— Assignment —
The answer must consist of every line in the records that contains the word "assms".

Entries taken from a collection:
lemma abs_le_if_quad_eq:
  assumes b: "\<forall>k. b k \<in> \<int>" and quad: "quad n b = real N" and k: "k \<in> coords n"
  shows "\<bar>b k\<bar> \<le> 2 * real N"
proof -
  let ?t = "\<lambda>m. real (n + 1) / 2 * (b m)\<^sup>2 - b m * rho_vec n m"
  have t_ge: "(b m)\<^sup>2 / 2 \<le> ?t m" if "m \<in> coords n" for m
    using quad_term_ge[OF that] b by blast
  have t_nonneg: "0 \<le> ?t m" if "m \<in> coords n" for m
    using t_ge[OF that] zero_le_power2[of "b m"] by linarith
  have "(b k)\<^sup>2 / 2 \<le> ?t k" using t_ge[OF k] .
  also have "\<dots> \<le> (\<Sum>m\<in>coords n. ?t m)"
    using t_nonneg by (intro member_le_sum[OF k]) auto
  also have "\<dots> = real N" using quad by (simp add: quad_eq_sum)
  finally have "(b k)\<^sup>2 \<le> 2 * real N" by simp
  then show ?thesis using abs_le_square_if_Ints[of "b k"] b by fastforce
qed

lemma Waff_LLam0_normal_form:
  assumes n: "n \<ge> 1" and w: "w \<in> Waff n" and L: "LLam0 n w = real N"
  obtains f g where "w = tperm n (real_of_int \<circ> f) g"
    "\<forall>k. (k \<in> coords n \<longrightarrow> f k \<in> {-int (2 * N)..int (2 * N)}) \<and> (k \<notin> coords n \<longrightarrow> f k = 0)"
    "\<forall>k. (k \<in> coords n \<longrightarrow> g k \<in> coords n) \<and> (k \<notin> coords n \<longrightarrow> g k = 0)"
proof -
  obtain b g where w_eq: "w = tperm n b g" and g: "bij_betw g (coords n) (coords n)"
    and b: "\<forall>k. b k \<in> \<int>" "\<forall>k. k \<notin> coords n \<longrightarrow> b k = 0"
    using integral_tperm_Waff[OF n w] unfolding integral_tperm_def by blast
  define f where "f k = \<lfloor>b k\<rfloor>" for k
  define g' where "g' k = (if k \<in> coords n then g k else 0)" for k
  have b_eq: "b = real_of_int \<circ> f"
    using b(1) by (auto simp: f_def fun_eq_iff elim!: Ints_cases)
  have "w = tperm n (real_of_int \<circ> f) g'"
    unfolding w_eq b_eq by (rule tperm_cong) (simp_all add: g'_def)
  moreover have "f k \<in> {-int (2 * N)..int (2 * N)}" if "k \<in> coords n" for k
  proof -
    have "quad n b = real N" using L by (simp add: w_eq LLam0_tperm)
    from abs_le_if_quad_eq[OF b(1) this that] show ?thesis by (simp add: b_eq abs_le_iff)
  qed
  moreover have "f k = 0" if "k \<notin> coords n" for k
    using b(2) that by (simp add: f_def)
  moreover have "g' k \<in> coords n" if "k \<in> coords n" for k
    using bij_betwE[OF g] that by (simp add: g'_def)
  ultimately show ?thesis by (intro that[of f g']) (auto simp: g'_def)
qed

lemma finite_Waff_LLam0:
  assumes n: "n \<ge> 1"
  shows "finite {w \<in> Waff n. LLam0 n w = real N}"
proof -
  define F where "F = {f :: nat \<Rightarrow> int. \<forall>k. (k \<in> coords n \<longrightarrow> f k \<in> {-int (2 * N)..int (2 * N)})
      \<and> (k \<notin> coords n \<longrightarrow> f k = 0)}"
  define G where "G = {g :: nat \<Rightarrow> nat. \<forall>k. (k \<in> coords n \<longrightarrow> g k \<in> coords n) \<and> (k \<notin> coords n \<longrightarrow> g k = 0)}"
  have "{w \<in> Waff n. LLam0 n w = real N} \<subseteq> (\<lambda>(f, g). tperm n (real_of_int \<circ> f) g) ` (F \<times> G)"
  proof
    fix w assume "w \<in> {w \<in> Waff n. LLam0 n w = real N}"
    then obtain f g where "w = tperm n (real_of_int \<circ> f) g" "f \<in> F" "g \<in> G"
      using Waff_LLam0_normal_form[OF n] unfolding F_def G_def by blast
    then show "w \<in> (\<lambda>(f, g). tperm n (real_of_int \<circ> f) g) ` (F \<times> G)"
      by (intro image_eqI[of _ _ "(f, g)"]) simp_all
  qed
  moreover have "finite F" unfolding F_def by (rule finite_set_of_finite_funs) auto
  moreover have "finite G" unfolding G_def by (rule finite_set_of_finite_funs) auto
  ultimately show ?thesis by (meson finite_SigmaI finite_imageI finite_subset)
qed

...

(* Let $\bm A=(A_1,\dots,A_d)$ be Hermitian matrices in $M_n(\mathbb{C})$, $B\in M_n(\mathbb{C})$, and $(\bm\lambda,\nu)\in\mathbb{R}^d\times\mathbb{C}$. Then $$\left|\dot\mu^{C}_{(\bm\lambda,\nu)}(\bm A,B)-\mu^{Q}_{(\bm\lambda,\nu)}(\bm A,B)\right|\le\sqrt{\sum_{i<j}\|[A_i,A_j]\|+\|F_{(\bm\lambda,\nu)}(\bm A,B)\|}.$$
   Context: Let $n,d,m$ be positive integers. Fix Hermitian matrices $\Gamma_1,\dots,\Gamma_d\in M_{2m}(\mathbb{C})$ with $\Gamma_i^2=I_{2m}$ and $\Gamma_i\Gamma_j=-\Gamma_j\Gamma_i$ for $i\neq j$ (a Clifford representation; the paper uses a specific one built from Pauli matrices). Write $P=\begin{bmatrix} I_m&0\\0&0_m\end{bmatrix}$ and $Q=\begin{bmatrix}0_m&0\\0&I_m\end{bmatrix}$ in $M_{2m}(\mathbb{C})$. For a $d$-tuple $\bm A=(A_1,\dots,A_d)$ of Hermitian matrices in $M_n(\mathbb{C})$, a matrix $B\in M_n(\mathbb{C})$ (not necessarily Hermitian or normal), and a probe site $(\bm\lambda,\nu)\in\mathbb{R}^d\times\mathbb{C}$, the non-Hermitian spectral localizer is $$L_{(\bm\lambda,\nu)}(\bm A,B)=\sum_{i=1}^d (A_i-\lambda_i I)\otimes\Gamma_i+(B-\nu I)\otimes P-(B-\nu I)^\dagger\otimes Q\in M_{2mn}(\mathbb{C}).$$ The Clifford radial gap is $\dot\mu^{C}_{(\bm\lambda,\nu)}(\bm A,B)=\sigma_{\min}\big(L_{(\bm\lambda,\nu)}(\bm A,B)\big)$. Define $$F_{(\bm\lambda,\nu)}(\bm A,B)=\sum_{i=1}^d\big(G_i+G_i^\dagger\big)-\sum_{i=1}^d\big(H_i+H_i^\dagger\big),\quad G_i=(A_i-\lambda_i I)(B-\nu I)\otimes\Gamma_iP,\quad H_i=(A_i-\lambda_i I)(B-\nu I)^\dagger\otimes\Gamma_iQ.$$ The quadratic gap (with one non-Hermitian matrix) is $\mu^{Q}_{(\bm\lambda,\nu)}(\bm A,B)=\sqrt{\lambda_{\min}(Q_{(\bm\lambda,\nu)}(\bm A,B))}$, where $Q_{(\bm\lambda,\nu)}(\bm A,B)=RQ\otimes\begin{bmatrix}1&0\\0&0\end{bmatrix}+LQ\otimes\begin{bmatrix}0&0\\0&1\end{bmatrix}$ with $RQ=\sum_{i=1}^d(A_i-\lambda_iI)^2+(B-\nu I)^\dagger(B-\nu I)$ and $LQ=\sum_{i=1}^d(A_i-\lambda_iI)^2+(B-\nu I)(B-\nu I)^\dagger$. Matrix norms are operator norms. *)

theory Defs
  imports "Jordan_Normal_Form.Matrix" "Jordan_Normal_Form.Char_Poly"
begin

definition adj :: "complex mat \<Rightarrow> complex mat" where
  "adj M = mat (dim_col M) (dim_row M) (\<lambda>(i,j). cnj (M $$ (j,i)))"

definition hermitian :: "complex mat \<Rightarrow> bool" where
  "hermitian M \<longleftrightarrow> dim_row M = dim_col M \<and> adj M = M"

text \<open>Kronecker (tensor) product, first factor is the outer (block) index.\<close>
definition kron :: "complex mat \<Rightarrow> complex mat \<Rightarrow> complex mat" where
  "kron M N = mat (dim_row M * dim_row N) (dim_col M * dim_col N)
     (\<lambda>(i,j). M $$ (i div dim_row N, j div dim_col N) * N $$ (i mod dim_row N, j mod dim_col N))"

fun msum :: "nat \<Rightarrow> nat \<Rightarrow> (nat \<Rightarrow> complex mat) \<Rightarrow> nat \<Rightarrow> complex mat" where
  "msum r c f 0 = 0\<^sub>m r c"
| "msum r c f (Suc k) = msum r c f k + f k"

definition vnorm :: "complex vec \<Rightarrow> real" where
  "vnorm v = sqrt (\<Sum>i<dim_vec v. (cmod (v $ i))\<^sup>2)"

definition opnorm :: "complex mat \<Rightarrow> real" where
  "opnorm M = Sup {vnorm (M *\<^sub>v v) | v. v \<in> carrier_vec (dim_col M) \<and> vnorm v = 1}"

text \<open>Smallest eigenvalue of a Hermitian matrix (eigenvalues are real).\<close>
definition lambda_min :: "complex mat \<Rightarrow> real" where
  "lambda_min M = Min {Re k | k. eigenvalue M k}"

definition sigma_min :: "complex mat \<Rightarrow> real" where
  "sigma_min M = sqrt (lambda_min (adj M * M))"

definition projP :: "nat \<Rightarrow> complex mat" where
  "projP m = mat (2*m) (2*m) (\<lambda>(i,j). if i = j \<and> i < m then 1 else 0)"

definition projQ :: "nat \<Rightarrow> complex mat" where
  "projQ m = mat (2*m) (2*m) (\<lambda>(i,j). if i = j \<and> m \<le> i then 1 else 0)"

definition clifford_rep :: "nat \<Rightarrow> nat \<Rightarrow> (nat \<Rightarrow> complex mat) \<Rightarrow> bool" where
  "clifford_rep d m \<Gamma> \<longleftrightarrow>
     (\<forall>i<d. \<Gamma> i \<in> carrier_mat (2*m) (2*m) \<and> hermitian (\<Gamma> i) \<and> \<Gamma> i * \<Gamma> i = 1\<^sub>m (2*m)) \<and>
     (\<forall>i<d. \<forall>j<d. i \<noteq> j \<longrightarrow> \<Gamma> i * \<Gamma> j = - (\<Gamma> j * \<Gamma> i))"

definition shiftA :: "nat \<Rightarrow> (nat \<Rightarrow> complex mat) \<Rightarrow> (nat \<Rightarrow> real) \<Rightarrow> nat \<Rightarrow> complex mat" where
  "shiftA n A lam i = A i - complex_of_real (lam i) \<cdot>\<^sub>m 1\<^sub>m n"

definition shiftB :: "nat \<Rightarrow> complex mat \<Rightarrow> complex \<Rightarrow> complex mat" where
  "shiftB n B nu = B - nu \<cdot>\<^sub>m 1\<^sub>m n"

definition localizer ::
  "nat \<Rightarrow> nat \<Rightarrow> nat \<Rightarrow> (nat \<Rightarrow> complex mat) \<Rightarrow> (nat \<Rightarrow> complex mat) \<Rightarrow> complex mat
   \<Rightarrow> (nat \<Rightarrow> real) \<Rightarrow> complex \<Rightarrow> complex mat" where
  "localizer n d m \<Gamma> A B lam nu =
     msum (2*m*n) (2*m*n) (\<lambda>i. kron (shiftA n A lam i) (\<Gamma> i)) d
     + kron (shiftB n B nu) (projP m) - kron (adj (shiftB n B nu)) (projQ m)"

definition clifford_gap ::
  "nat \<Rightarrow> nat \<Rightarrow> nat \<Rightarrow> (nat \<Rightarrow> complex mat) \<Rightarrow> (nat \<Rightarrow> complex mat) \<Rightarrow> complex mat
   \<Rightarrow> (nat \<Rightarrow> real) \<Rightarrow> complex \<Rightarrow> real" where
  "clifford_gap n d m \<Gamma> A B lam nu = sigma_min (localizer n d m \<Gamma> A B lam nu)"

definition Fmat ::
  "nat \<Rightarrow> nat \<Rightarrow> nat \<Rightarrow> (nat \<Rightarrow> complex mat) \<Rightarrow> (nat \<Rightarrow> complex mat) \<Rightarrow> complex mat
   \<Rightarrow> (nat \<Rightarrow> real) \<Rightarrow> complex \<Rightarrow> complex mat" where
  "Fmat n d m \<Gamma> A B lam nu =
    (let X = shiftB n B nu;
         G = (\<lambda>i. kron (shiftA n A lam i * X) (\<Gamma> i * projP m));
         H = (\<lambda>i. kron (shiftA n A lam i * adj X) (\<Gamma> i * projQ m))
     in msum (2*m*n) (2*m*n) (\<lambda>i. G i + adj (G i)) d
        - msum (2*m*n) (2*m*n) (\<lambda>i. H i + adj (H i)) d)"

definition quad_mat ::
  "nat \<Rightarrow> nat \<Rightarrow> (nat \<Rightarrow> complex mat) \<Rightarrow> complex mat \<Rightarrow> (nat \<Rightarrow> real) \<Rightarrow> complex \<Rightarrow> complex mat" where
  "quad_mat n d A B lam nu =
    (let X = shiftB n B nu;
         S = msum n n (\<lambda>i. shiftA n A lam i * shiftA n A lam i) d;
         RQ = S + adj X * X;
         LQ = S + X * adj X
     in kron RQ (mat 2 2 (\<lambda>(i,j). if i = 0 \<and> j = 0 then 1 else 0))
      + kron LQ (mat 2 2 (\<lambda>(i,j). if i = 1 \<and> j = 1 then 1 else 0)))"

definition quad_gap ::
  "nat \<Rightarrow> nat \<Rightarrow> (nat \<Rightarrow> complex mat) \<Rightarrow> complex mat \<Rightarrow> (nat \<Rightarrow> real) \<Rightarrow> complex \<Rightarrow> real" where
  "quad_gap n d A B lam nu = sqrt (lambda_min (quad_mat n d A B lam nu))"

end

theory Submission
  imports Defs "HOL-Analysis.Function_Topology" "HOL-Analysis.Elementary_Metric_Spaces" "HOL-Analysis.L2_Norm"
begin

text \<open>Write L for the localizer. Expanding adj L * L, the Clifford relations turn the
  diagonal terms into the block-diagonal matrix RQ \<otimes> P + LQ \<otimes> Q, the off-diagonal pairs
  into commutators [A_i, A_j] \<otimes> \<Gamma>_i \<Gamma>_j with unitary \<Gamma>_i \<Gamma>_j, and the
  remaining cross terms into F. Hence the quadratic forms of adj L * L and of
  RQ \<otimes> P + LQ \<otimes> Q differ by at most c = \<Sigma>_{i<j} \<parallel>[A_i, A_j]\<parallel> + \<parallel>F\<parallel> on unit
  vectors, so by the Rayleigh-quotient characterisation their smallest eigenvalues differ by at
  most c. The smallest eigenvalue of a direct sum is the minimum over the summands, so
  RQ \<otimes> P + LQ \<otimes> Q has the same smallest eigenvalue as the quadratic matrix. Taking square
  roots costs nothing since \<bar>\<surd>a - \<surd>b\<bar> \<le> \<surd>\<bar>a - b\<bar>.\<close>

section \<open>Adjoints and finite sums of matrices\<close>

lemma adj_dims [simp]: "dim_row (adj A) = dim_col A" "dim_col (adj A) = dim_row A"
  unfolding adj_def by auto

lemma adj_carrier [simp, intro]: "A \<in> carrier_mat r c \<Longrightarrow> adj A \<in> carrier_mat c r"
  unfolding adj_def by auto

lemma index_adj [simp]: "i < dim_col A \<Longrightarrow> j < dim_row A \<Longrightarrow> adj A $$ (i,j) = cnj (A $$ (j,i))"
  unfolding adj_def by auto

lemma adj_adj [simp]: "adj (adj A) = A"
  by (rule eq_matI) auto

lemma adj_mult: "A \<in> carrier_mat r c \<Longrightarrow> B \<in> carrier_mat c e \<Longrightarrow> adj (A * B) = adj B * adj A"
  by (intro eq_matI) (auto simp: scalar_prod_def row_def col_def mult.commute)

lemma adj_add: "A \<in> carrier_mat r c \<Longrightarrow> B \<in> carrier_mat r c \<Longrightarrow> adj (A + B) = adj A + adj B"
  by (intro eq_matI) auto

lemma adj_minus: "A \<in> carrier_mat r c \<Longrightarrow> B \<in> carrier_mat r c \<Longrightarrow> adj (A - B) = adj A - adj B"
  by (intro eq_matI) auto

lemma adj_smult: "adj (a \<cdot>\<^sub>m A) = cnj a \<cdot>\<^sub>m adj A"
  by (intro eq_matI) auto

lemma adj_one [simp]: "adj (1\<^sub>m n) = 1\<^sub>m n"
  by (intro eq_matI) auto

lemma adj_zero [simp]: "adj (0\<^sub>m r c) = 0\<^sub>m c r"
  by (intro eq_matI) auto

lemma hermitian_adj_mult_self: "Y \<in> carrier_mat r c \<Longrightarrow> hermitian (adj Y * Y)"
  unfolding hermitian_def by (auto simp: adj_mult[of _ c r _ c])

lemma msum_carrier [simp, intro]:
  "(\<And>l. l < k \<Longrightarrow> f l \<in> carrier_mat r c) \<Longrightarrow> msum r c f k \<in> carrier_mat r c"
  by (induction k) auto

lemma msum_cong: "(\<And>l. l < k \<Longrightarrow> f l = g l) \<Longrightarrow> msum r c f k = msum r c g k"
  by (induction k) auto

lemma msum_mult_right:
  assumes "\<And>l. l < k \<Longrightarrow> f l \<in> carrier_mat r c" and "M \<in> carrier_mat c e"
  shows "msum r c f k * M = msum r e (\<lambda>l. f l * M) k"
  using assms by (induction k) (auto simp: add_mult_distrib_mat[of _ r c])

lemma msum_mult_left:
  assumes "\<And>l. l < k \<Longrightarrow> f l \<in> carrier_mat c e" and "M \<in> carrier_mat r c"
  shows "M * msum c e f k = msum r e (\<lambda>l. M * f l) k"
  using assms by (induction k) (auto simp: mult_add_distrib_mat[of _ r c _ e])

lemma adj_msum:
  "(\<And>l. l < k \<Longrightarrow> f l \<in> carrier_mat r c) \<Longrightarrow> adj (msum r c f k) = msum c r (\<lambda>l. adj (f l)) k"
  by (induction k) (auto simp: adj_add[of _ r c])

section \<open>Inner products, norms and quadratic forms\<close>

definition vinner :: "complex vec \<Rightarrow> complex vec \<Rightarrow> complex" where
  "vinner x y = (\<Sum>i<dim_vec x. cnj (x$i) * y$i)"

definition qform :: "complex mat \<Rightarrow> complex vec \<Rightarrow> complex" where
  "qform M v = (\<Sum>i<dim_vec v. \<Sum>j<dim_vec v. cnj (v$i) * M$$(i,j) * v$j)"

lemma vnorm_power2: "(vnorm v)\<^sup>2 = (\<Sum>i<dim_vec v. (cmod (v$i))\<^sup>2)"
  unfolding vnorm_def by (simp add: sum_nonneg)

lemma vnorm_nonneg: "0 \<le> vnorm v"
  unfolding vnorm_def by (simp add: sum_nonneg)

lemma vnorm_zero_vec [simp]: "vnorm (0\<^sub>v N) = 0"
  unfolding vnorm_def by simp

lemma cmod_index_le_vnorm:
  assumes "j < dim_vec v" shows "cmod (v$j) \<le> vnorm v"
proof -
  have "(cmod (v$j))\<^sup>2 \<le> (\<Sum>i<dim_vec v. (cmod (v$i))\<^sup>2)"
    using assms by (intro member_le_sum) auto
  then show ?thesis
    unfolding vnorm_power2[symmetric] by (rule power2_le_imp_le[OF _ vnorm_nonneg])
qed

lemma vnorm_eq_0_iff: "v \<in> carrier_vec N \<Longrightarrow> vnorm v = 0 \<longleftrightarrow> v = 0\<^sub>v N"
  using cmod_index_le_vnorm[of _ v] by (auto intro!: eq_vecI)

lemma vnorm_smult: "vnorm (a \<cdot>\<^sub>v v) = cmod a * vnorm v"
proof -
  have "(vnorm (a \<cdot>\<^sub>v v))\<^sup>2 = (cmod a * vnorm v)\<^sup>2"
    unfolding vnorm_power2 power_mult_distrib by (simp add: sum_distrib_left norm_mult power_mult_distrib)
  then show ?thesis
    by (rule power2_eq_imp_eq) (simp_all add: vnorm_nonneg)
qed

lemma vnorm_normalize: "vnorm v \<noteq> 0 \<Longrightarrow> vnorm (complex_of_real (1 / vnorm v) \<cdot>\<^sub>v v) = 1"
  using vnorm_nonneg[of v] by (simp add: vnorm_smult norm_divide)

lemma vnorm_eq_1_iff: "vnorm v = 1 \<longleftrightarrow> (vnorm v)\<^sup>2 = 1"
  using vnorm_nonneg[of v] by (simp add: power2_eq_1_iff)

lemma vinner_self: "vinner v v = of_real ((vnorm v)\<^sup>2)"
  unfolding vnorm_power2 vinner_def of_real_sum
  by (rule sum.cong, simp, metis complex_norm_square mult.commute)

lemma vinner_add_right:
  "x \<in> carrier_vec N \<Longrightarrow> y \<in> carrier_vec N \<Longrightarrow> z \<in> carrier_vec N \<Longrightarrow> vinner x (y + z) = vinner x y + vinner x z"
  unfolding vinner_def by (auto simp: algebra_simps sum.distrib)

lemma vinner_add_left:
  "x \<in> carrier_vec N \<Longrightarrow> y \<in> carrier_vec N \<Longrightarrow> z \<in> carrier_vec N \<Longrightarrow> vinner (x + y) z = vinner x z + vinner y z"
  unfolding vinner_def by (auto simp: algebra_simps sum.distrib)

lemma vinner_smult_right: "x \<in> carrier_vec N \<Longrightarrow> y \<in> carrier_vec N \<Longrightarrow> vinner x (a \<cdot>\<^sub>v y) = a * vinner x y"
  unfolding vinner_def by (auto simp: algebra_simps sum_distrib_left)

— Solution to this task —
  using assms by (induction k) (auto simp: add_mult_distrib_mat[of _ r c])
  using assms by (induction k) (auto simp: mult_add_distrib_mat[of _ r c _ e])
    using assms by (intro member_le_sum) auto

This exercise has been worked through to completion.